Justice Stevens joined Justice Souter but wrote a separate dissent to express his disagreement with the Court’s use of Walton as controlling authority and with the Court’s grant of certiorari in the first place. Justice Stevens drew attention to Justice Blackmun’s dissent in Walton, which he joined, arguing that the Court did not actually address the equipoise situation presented in Marsh. Therefore, Walton should not control. Additionally, Justice Stevens disagreed with the Court’s decision to grant certiorari in Marsh because he viewed the case as simply a review of a state court’s interpretation of its own precedent and a state law. He encouraged judicial restraint, emphasizing that “[n]othing more than an interest in facilitating the imposition of the death penalty in [Kansas] justified this Court’s exercise of its discretion to review the judgment of the [Kansas] Supreme Court.”

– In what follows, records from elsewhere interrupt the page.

lemma measurable_filtration_mono:
  "f \<in> measurable (F s) N \<Longrightarrow> s \<le> t \<Longrightarrow> t \<le> T \<Longrightarrow> f \<in> measurable (F t) N"
  by (rule measurable_from_subalg[OF filtration_mono])

lemma hit_measurable:
  assumes "\<tau> \<in> {1..n}" "n \<le> T"
  shows "hit \<tau> \<in> borel_measurable (F n)"
proof -
  have [measurable]: "I \<tau> \<in> measurable (F n) (count_space UNIV)"
    using assms by (intro measurable_filtration_mono[OF I_measurable]) auto
  show ?thesis
    unfolding hit_def[abs_def] by measurable
qed

lemma predictable_measurable:
  assumes "predictable d" "\<tau> \<in> {1..n}" "n \<le> T"
  shows "d \<tau> \<in> borel_measurable (F n)"
proof (rule measurable_filtration_mono)
  show "d \<tau> \<in> borel_measurable (F (\<tau> - 1))"
    using assms unfolding predictable_def by auto
qed (use assms in auto)

lemma p_nonneg: "t \<in> {1..T} \<Longrightarrow> 0 \<le> p"
  using prob_I_eq measure_nonneg by metis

Justice Scalia wrote a classically quotable concurring opinion that mocked Justice Stevens’s characterization of the jurisdictional issues and likened all of the dissenters to a bunch of confused Martin Luthers, “nailing their policy agenda…to the door of the wrong church.” Justice Scalia spent about one-third of his concurrence enlightening Justice Stevens on the certiorari process and the Court’s role in the judicial system. He then chastised the dissenters for giving the impression that their views in Marsh were motivated by their personal views on the death penalty. He also devoted considerable space to discrediting the studies Justice Souter cited in his dissent. In shaming the dissenting view that the death penalty is an “undesirable situation,” he pointed out that regardless of the Justices’ opinions, thirty-eight states impose the death penalty. He also wrote that “as far as anyone can determine (and many are looking), none of the cases included in the .027% error rate for American verdicts involved a capital defendant erroneously executed.”

Overall, the Justices behaved as expected in this case. The usual suspects hung together and Justice Alito broke the tie. The most notable thing about Kansas v. Marsh is how contentious it is. The Justices got pretty personal right off the bat. Maybe everyone just needs a vacation.